No region in Nigeria has so far been designated as “special areas” except the Niger Delta and no region also has suffered environmental calamity as Niger Delta now with no land and no water with heavy military presence.
It was the spirit of Willink report that gave birth to Decree 22 of 1992 which led to the creation of Oil Minerals Producing Commission (OMPADEC). Same to NDDC. Same to the Amnestyprogramme. Contrary to recommendations of Sir Willink, states have been created in the region as well as local governments, yet the problem persists. So when you read about oil fields being bombed in Niger Delta and other ugly incidents, one is bound to ask, ‘what do these people really want?’, We need to go beyond asking such a question. There seems to be a disconnect between them and us. We don’t seem to understand them and they don’t understand us. At times, they don’t understand themselves. The situation in the region is much more complex than imagined.
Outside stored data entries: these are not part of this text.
(* Let $1\le p<\infty$, $X=\ell_p(\mathbb Z_+)$, and let $\mathbf u=(u_n)_{n\ge1}$, $\mathbf v=(v_n)_{n\ge1}$ be bounded sequences of non-zero scalars. Assume that either $\liminf_{n\to\infty}\left|\frac{u_1\cdots u_n}{v_1\cdots v_n}\right|=0$ or $\limsup_{n\to\infty}\left|\frac{u_1\cdots u_n}{v_1\cdots v_n}\right|=\infty$. Then whenever $m_{\mathbf u}$ is a $B_{\mathbf u}$-invariant and $m_{\mathbf v}$ a $B_{\mathbf v}$-invariant Borel probability measure on $X$ with $m_{\mathbf u}(\ker e_0^* )=0=m_{\mathbf v}(\ker e_0^* )$, the measures $m_{\mathbf u}$ and $m_{\mathbf v}$ are mutually singular.
   Context: $(e_n)_{n\ge0}$ is the canonical basis of $\ell_p(\mathbb Z_+)$ (over $\mathbb R$ or $\mathbb C$) and $e_0^*$ is the first coordinate functional. For a bounded sequence $\mathbf w$ of non-zero scalars, $B_{\mathbf w}$ is the weighted backward shift $B_{\mathbf w}e_0=0$, $B_{\mathbf w}e_n=w_ne_{n-1}$ ($n\ge1$). Invariance of $m$ under $T$ means $m(T^{-1}(A))=m(A)$ for all Borel $A$. *)

theory Defs
  imports "HOL-Probability.Probability"
begin

definition lp_space :: "real \<Rightarrow> (nat \<Rightarrow> 'a::real_normed_field) set" where
  "lp_space p = {x. summable (\<lambda>n. norm (x n) powr p)}"

definition lp_norm :: "real \<Rightarrow> (nat \<Rightarrow> 'a::real_normed_field) \<Rightarrow> real" where
  "lp_norm p x = (\<Sum>n. norm (x n) powr p) powr (1 / p)"

definition lp_open :: "real \<Rightarrow> (nat \<Rightarrow> 'a::real_normed_field) set \<Rightarrow> bool" where
  "lp_open p U \<longleftrightarrow> U \<subseteq> lp_space p \<and>
     (\<forall>x\<in>U. \<exists>e>0. \<forall>y\<in>lp_space p. lp_norm p (\<lambda>n. y n - x n) < e \<longrightarrow> y \<in> U)"

definition lp_borel :: "real \<Rightarrow> (nat \<Rightarrow> 'a::real_normed_field) measure" where
  "lp_borel p = sigma (lp_space p) {U. lp_open p U}"
lemma cong_of_image_subset:
  assumes inj: "inj_on \<psi> (trop_rat // E)" and FW: "F = cong_of (cvar F)"
  shows "cong_of (theta_real ` cvar F) \<subseteq> E"
proof
  fix p assume "p \<in> cong_of (theta_real ` cvar F)"
  then obtain f g where p: "p = (f, g)" and fg: "f \<in> trop_rat" "g \<in> trop_rat"
    and eq: "\<And>y. y \<in> cvar F \<Longrightarrow> f (theta_real y) = g (theta_real y)"
    by (auto simp: cong_of_def)
  have "(rep f, rep g) \<in> F"
    using eq fg by (subst FW) (simp add: cong_of_def rep_in_trop_rat rep_eq_theta_real)
  then have "\<psi> (E `` {f}) = \<psi> (E `` {g})"
    using fg by (simp add: psi_class_eq equiv_class_eq[OF equiv_F])
  then have "E `` {f} = E `` {g}"
    using inj fg by (auto dest: inj_onD intro: quotientI)
  then show "p \<in> E"
    using p fg eq_equiv_class[OF _ equiv_E] by blast
qed

lemma class_eval_psi_ttheta:
  assumes f: "f \<in> trop_rat" and y: "y \<in> cvar F"
  shows "class_eval (\<psi> (E `` {f})) y = class_eval (E `` {f}) (treal (ttheta E \<psi> y)) \<and>
    class_eval (E `` {f}) (treal (ttheta E \<psi> y)) = f (treal (ttheta E \<psi> y))"
proof -
  have "class_eval (E `` {f}) (theta_real y) = f (theta_real y)"
    using class_eval_class[OF E f theta_real_in_cvar[OF y]] .
  then show ?thesis
    using rep_eq_theta_real[OF f y] by (simp add: rep_def theta_real_def)
qed
lemma choice_of_marks_marked:
  assumes one: "one_mark_per_row m" and \<sigma>: "\<sigma> < g" "m \<sigma> = 1"
  shows "choice_of_marks m (fst (nz ! \<sigma>)) = snd (nz ! \<sigma>)"
proof -
  have "(THE \<rho>. \<rho> < g \<and> m \<rho> = 1 \<and> fst (nz ! \<rho>) = fst (nz ! \<sigma>)) = \<sigma>"
  proof (rule the_equality)
    fix \<rho> assume "\<rho> < g \<and> m \<rho> = 1 \<and> fst (nz ! \<rho>) = fst (nz ! \<sigma>)"
    then show "\<rho> = \<sigma>" using one_mark_per_rowD[OF one, of \<rho> \<sigma>] \<sigma> by simp
  qed (use \<sigma> in simp)
  moreover have "\<exists>\<rho><g. m \<rho> = 1 \<and> fst (nz ! \<rho>) = fst (nz ! \<sigma>)" using \<sigma> by blast
  moreover have "fst (nz ! \<sigma>) < N"
    using nz_in_nonpivot_entries[OF \<sigma>(1)] nonpivot_entriesD[of "fst (nz ! \<sigma>)" "snd (nz ! \<sigma>)"] by simp
  ultimately show ?thesis unfolding choice_of_marks_def by simp
qed

lemma choice_of_marks_unmarked:
  "k < N \<Longrightarrow> \<not> (\<exists>\<sigma><g. m \<sigma> = 1 \<and> fst (nz ! \<sigma>) = k) \<Longrightarrow> choice_of_marks m k = piv k"
  unfolding choice_of_marks_def by auto

lemma choice_of_marks_admissible:
  assumes one: "one_mark_per_row m"
  shows "choice_of_marks m \<in> admissible"
proof -
  have row: "choice_of_marks m k = piv k \<or> (k, choice_of_marks m k) \<in> nonpivot_entries" if k: "k < N" for k
  proof (cases "\<exists>\<sigma><g. m \<sigma> = 1 \<and> fst (nz ! \<sigma>) = k")
    case True
    then obtain \<sigma> where \<sigma>: "\<sigma> < g" "m \<sigma> = 1" "fst (nz ! \<sigma>) = k" by blast
    then have "nz ! \<sigma> = (k, choice_of_marks m k)"
      using choice_of_marks_marked[OF one \<sigma>(1,2)] by (simp add: prod_eq_iff)
    then show ?thesis using nz_in_nonpivot_entries[OF \<sigma>(1)] by simp
  qed (simp add: choice_of_marks_unmarked k)
  have "choice_of_marks m k < M" if "k < N" for k
    using row[OF that] that by (auto dest: nonpivot_entriesD simp: piv_less)
  moreover have "choice_of_marks m \<in> extensional {..<N}" unfolding choice_of_marks_def by simp
  ultimately show ?thesis using row unfolding admissible_def by (auto simp: PiE_iff)
qed

lemma marks_choice_of_marks:
  assumes m: "m \<in> {..<g} \<rightarrow>\<^sub>E {0, 1}" and one: "one_mark_per_row m"
  shows "marks (choice_of_marks m) = m"
proof
  fix \<sigma>
  show "marks (choice_of_marks m) \<sigma> = m \<sigma>"
  proof (cases "\<sigma> < g")
    case False
    then show ?thesis using m unfolding marks_def by (auto simp: PiE_def extensional_def)
  next
    case \<sigma>: True
    obtain k j where e: "nz ! \<sigma> = (k, j)" by (cases "nz ! \<sigma>")
    have kj: "(k, j) \<in> nonpivot_entries" using nz_in_nonpivot_entries[OF \<sigma>] e by simp
    then have k: "k < N" by (simp add: nonpivot_entriesD)
    have "choice_of_marks m k = j \<longleftrightarrow> m \<sigma> = 1"
    proof
      assume "m \<sigma> = 1"
      then show "choice_of_marks m k = j" using choice_of_marks_marked[OF one \<sigma>] e by simp
    next
      assume chosen: "choice_of_marks m k = j"
      show "m \<sigma> = 1"
      proof (cases "\<exists>\<rho><g. m \<rho> = 1 \<and> fst (nz ! \<rho>) = k")
        case True
        then obtain \<rho> where \<rho>: "\<rho> < g" "m \<rho> = 1" "fst (nz ! \<rho>) = k" by blast
        then have "nz ! \<rho> = (k, j)"
          using choice_of_marks_marked[OF one \<rho>(1,2)] chosen by (simp add: prod_eq_iff)
        then have "\<rho> = \<sigma>" using nz_inj[OF \<rho>(1) \<sigma>] e by simp
        then show ?thesis using \<rho>(2) by simp
      next
        case False
        then show ?thesis using choice_of_marks_unmarked[OF k False] chosen entry_not_pivot[OF kj k] by simp
      qed
    qed
    moreover have "m \<sigma> \<in> {0, 1}" using m \<sigma> by auto
    ultimately show ?thesis using \<sigma> e unfolding marks_def marked_def by auto
  qed
qed

lemma theta_tilde_eq_sum_admissible:
  "theta_tilde A piv \<kappa> x y t = (\<Sum>c\<in>admissible. theta_term x y t (marks c))"
proof -
  have "theta_tilde A piv \<kappa> x y t = (\<Sum>m\<in>{..<g} \<rightarrow>\<^sub>E {0, 1}. theta_term x y t m)"
    unfolding theta_tilde_def theta_term_def coupling_def Let_def by (rule refl)
  also have "\<dots> = (\<Sum>m\<in>marks ` admissible. theta_term x y t m)"
  proof (rule sum.mono_neutral_right)
    show "finite ({..<g} \<rightarrow>\<^sub>E {0::nat, 1})" by (rule finite_PiE) auto
    show "marks ` admissible \<subseteq> {..<g} \<rightarrow>\<^sub>E {0, 1}" by (rule image_subsetI) (rule marks_PiE)
    show "\<forall>m\<in>({..<g} \<rightarrow>\<^sub>E {0, 1}) - marks ` admissible. theta_term x y t m = 0"
    proof
      fix m assume m: "m \<in> ({..<g} \<rightarrow>\<^sub>E {0, 1}) - marks ` admissible"
      have "\<not> one_mark_per_row m"
      proof
        assume one: "one_mark_per_row m"
        have "m = marks (choice_of_marks m)" using marks_choice_of_marks[OF _ one] m by simp
        then have "m \<in> marks ` admissible" using choice_of_marks_admissible[OF one] by (rule image_eqI)
        then show False using m by simp
      qed
      then have "coupling m = 0" by (rule coupling_eq_0_unless_one_mark_per_row)
      then show "theta_term x y t m = 0" by (simp add: theta_term_def)
    qed
  qed
  also have "\<dots> = (\<Sum>c\<in>admissible. theta_term x y t (marks c))"
    by (rule sum.reindex[OF inj_on_marks, unfolded comp_def])
  finally show ?thesis .
qed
One of their leaders, Major Isaac Jasper Adaka Boro (1938-1968), while being sentenced to death by hanging for fighting the cause of Niger Delta as the leader of the Niger Delta Volunteer Force by Justice Phil Ebosie in Port Harcourt on March 27, 1966 under the regime of General Thomas Johnson Umanakwe Aguiyi Ironsi (1924-1966) said his people “had long sought to separate not because they loved power but because their conditions were peculiar and the authorities did not understand our problems. There is nothing wrong with Nigeria. What is wrong with us is the total lack of mercy in our activities”.
To the people of Niger Delta, I plead that violence has never solved and will never solve any problem. I have visited the Niger Delta area several times and with billions of naira poured into that region by the central, states and local governments and oil companies also for developments, it is still the same old story – misery, frustration, poverty, neglect, militancy, etc.